Figure 6. STAT3 regulated FOXO1 expression is responsible for
C26 CM-induced myotube atrophy.
(a) Western blot analysis of FOXO1 expression in skeletal
muscle from C26 cachectic mice and C2C12 myotubes with or without 17DMAG
treatment. (b) Representative Western blot assay of the FOXO1
expression after knocking down STAT3 by siRNA. (c)Representative immunofluorescence microscopy images showing the
subcellular localization of FOXO1 in C2C12. (d) Schematic
structure of the FoxO1 promoter region (NCBI Reference Sequence:
NC_000069.5 for FoxO1). The transcription start site (TSS) is denoted
by a black arrow. (e-f) Chromatin immunoprecipitation (CHIP)
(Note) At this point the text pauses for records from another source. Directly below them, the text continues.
(* Let $(X,\|\cdot\|)$ be a Banach space and $(M,d)$ a metric space. Assume there exist increasing functions $\rho,\omega:[0,\infty)\to[0,\infty)$ tending to $\infty$ at $\infty$, a point $m_0\in M$, and for every $n\in\mathbb{N}$ a map $h_n:nB_X\to M$ with $h_n(0)=m_0$ and $\rho(\|x-y\|)\le d(h_n(x),h_n(y))\le\omega(\|x-y\|)$ for all $x,y\in nB_X$. Equip $M^4$ with the metric $d((a_i),(b_i))=\max_{1\le i\le4}d(a_i,b_i)$. Then there is a map $F:X\to M^4$ such that $\tilde\rho(\|x-y\|)\le d(F(x),F(y))\le\tilde\omega(\|x-y\|)$ for all $x,y\in X$, where $\tilde\rho(t)=\frac12\rho(t/2)$ and $\tilde\omega(t)=8\omega(3t)$.
   Context: $B_X$ denotes the closed unit ball of $X$, and $nB_X=\{x\in X:\|x\|\le n\}$. *)

theory Defs
  imports "HOL-Analysis.Analysis"
begin

definition dist4 :: "('m::metric_space \<times> 'm \<times> 'm \<times> 'm) \<Rightarrow> ('m \<times> 'm \<times> 'm \<times> 'm) \<Rightarrow> real" where
  "dist4 p q = (case p of (a1, a2, a3, a4) \<Rightarrow> case q of (b1, b2, b3, b4) \<Rightarrow>
      max (max (dist a1 b1) (dist a2 b2)) (max (dist a3 b3) (dist a4 b4)))"

end

theory Submission
  imports Defs
begin

text \<open>Choose radii \<open>0 = a\<^sub>0 < a\<^sub>1 < \<dots>\<close> with \<open>8 a\<^sub>k \<le> a\<^sub>k\<^sub>+\<^sub>1\<close> and
  \<open>2 \<omega>(8 a\<^sub>k) \<le> \<rho>(3 a\<^sub>k\<^sub>+\<^sub>1)\<close>, and let \<open>T\<^sub>k\<close> be the radial map with norm profile
  \<open>max 0 (min (r - a\<^sub>k) (8 a\<^sub>k\<^sub>+\<^sub>1 - r))\<close>. It is 3-Lipschitz, vanishes off the annulus
  \<open>a\<^sub>k < \<parallel>x\<parallel> < 8 a\<^sub>k\<^sub>+\<^sub>1\<close>, and \<open>\<parallel>T\<^sub>k x - T\<^sub>k y\<parallel> \<ge> \<parallel>x - y\<parallel> / 2\<close> whenever
  \<open>4 a\<^sub>k \<le> \<parallel>x\<parallel> < 4 a\<^sub>k\<^sub>+\<^sub>1\<close> and \<open>\<parallel>y\<parallel> \<le> \<parallel>x\<parallel>\<close>. Annuli of equal parity are disjoint, so
  for each parity the maps \<open>h\<^sub>n \<circ> T\<^sub>k\<close> glue to one map into M that equals \<open>m\<^sub>0\<close> off these
  annuli; two such maps suffice. Points in different annuli are compared through \<open>m\<^sub>0\<close> for the
  upper bound. For the lower bound, a point y in a much smaller annulus than x contributes at most
  \<open>\<omega>(8 a\<^sub>k\<^sub>-\<^sub>1) \<le> \<rho>(3 a\<^sub>k) / 2\<close>, which is dominated by the contribution \<open>\<rho>(\<parallel>x\<parallel> - a\<^sub>k)\<close>
  of x.\<close>

definition tent :: "real \<Rightarrow> real \<Rightarrow> real \<Rightarrow> real" where
  "tent a c r = max 0 (min (r - a) (c - r))"

definition radial_tent :: "real \<Rightarrow> real \<Rightarrow> 'a::real_normed_vector \<Rightarrow> 'a" where
  "radial_tent a c x = tent a c (norm x) *\<^sub>R sgn x"

lemma tent_nonneg: "0 \<le> tent a c r"
  by (simp add: tent_def)

lemma tent_le_self: "0 \<le> a \<Longrightarrow> 0 \<le> r \<Longrightarrow> tent a c r \<le> r"
  by (simp add: tent_def)

lemma tent_le_outer: "0 \<le> c \<Longrightarrow> 0 \<le> r \<Longrightarrow> tent a c r \<le> c"
  by (simp add: tent_def)

lemma tent_lipschitz: "\<bar>tent a c r - tent a c s\<bar> \<le> \<bar>r - s\<bar>"
  by (auto simp: tent_def max_def min_def)

lemma tent_nonzero_imp: "tent a c r \<noteq> 0 \<Longrightarrow> a < r \<and> r < c"
  by (auto simp: tent_def max_def min_def split: if_splits)

lemma norm_radial_tent: "0 \<le> a \<Longrightarrow> norm (radial_tent a c x) = tent a c (norm x)"
  by (auto simp: radial_tent_def norm_sgn tent_def)

lemma radial_tent_zero [simp]: "radial_tent a c 0 = 0"
  by (simp add: radial_tent_def)

lemma norm_sgn_diff_le:
  fixes x y :: "'a::real_normed_vector"
  assumes "y \<noteq> 0" and "norm y \<le> norm x"
  shows "norm (sgn x - sgn y) \<le> 2 * norm (x - y) / norm x"
proof -
  have ny: "0 < norm y" using assms(1) by simp
  with assms(2) have nx: "0 < norm x" by linarith
  have "sgn x - sgn y = (1 / norm x) *\<^sub>R (x - y) + (1 / norm x - 1 / norm y) *\<^sub>R y"
    by (simp add: sgn_div_norm divide_inverse algebra_simps)
  then have "norm (sgn x - sgn y) \<le> norm (x - y) / norm x + (1 / norm y - 1 / norm x) * norm y"
    using norm_triangle_ineq[of "(1 / norm x) *\<^sub>R (x - y)" "(1 / norm x - 1 / norm y) *\<^sub>R y"]
      frac_le[of 1 1 "norm y" "norm x"] ny assms(2) by simp
  also have "(1 / norm y - 1 / norm x) * norm y = (norm x - norm y) / norm x"
    using nx ny by (simp add: field_simps)
  also have "\<dots> \<le> norm (x - y) / norm x"
    using nx norm_triangle_ineq2[of x y] by (simp add: divide_right_mono)
  finally show ?thesis by simp
qed

lemma radial_tent_lipschitz_ordered:
  fixes x y :: "'a::real_normed_vector"
  assumes "0 \<le> a" and "norm y \<le> norm x"
  shows "norm (radial_tent a c x - radial_tent a c y) \<le> 3 * norm (x - y)"
proof (cases "y = 0")
  case True
  then have "norm (radial_tent a c x - radial_tent a c y) = tent a c (norm x)"
    using norm_radial_tent[OF assms(1)] by simp
  then show ?thesis
    using \<open>y = 0\<close> tent_le_self[OF assms(1) norm_ge_zero, of c x] norm_ge_zero[of x]
    by (simp del: norm_ge_zero)
next
  case False
  let ?f = "tent a c"
  have "radial_tent a c x - radial_tent a c y
      = (?f (norm x) - ?f (norm y)) *\<^sub>R sgn x + ?f (norm y) *\<^sub>R (sgn x - sgn y)"
    by (simp add: radial_tent_def algebra_simps)
  then have "norm (radial_tent a c x - radial_tent a c y)
      \<le> \<bar>?f (norm x) - ?f (norm y)\<bar> * norm (sgn x) + ?f (norm y) * norm (sgn x - sgn y)"
    using norm_triangle_ineq tent_nonneg by (metis abs_of_nonneg norm_scaleR)
  also have "\<dots> \<le> norm (x - y) + norm y * (2 * norm (x - y) / norm x)"
    using tent_lipschitz[of a c "norm x" "norm y"] norm_triangle_ineq3[of x y]
      tent_le_self[OF assms(1) norm_ge_zero, of c y] norm_sgn_diff_le[OF False assms(2)]
    by (intro add_mono mult_mono) (auto simp: norm_sgn)
  also have "norm y * (2 * norm (x - y) / norm x) \<le> 2 * norm (x - y)"
    using assms(2) False by (simp add: divide_le_eq mult.commute mult_right_mono)
  finally show ?thesis by simp
qed

lemma radial_tent_lipschitz:
  fixes x y :: "'a::real_normed_vector"
  assumes "0 \<le> a"
  shows "norm (radial_tent a c x - radial_tent a c y) \<le> 3 * norm (x - y)"
  using radial_tent_lipschitz_ordered[OF assms, of y x c] radial_tent_lipschitz_ordered[OF assms, of x y c]
  by (cases "norm y \<le> norm x") (auto simp: norm_minus_commute)

text \<open>On the inner half of its support the radial tent is \<open>x - a sgn x\<close>, and the perturbation
  \<open>a sgn x\<close> varies by at most half of \<open>\<parallel>x - y\<parallel>\<close> once \<open>4 a \<le> \<parallel>x\<parallel>\<close>.\<close>

lemma radial_tent_lower:
  fixes x y :: "'a::real_normed_vector"
  assumes "0 \<le> a" and "4 * a \<le> norm x" and "norm x \<le> (a + c) / 2" and "norm y \<le> norm x"
  shows "norm (x - y) / 2 \<le> norm (radial_tent a c x - radial_tent a c y)"
proof (cases "norm y \<le> a")
  case True
  then have "radial_tent a c y = 0"
    by (simp add: radial_tent_def tent_def)
  moreover have "norm (radial_tent a c x) = norm x - a"
    using assms by (simp add: norm_radial_tent tent_def)
  ultimately show ?thesis
    using True assms(1,2) norm_triangle_ineq4[of x y] by simp
next
  case False
  then have "y \<noteq> 0" using assms(1) by auto
  have "norm z *\<^sub>R sgn z = z" for z :: 'a
    by (cases "z = 0") (simp_all add: sgn_div_norm)
  then have "radial_tent a c z = z - a *\<^sub>R sgn z" if "tent a c (norm z) = norm z - a" for z :: 'a
    using that by (simp add: radial_tent_def scaleR_diff_left)
  moreover have "tent a c (norm x) = norm x - a" and "tent a c (norm y) = norm y - a"
    using assms False by (simp_all add: tent_def)
  ultimately have "radial_tent a c x - radial_tent a c y = (x - y) - a *\<^sub>R (sgn x - sgn y)"
    by (simp add: algebra_simps)
  then have "norm (x - y) - a * norm (sgn x - sgn y) \<le> norm (radial_tent a c x - radial_tent a c y)"
    using norm_triangle_ineq2[of "x - y" "a *\<^sub>R (sgn x - sgn y)"] assms(1) by simp
  moreover have "a * norm (sgn x - sgn y) \<le> a * (2 * norm (x - y) / norm x)"
    using norm_sgn_diff_le[OF \<open>y \<noteq> 0\<close> assms(4)] assms(1) by (rule mult_left_mono)
  moreover have "a * (2 * norm (x - y) / norm x) \<le> norm (x - y) / 2"
  proof -
    have "0 < norm x" using False assms(1,4) by linarith
    moreover have "4 * a * norm (x - y) \<le> norm x * norm (x - y)"
      using assms(2) by (simp add: mult_right_mono)
    ultimately show ?thesis by (simp add: field_simps)
  qed
  ultimately show ?thesis by linarith
qed

lemma rapidly_growing_scales:
  fixes \<rho> g :: "real \<Rightarrow> real"
  assumes "filterlim \<rho> at_top at_top"
  obtains a :: "nat \<Rightarrow> real"
  where "a 0 = 0" and "\<And>k. 8 * a k \<le> a (Suc k)" and "\<And>k. 1 \<le> a (Suc k)"
    and "\<And>k. g (a k) \<le> \<rho> (3 * a (Suc k))"
proof -
  have "\<exists>r. max (8 * v) 1 \<le> r \<and> g v \<le> \<rho> (3 * r)" for v
  proof -
    obtain N where "\<And>u. N \<le> u \<Longrightarrow> g v \<le> \<rho> u"
      using assms by (auto simp: filterlim_at_top eventually_at_top_linorder)
    then show ?thesis
      by (intro exI[of _ "max (max (8 * v) 1) (N / 3)"]) auto
  qed
  then obtain step where step: "\<And>v. max (8 * v) 1 \<le> step v \<and> g v \<le> \<rho> (3 * step v)"
    by metis
  show ?thesis
    by (rule that[of "rec_nat 0 (\<lambda>_. step)"]) (use step in auto)
qed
analysis was performed with C2C12, and STAT3 binding to the FoxO1
promoter region was analyzed. Cell lysates were immunoprecipitated with
anti-STAT3 Ab or control IgG. Immunoprecipitated and input DNA was
analyzed by semi-quantitative PCR (e) or qPCR (f)using primers corresponding to FoxO1 promoter sites. (g)Representative Western blot assay of FOXO1, p-FOXO1, and atrophy genes
expression in C2C12 myotube co-transfected with FOXO1 siRNA and STAT3-C
recombinant plasmid. (h) Representative Western blot of FOXO1,
p-FOXO1, and atrophy genes expression in C2C12 myotube transfected with
or without mutated forms (constitutive activated) of STAT3
overexpression plasmid (Stat3-C) and treated with or without 17DMAG.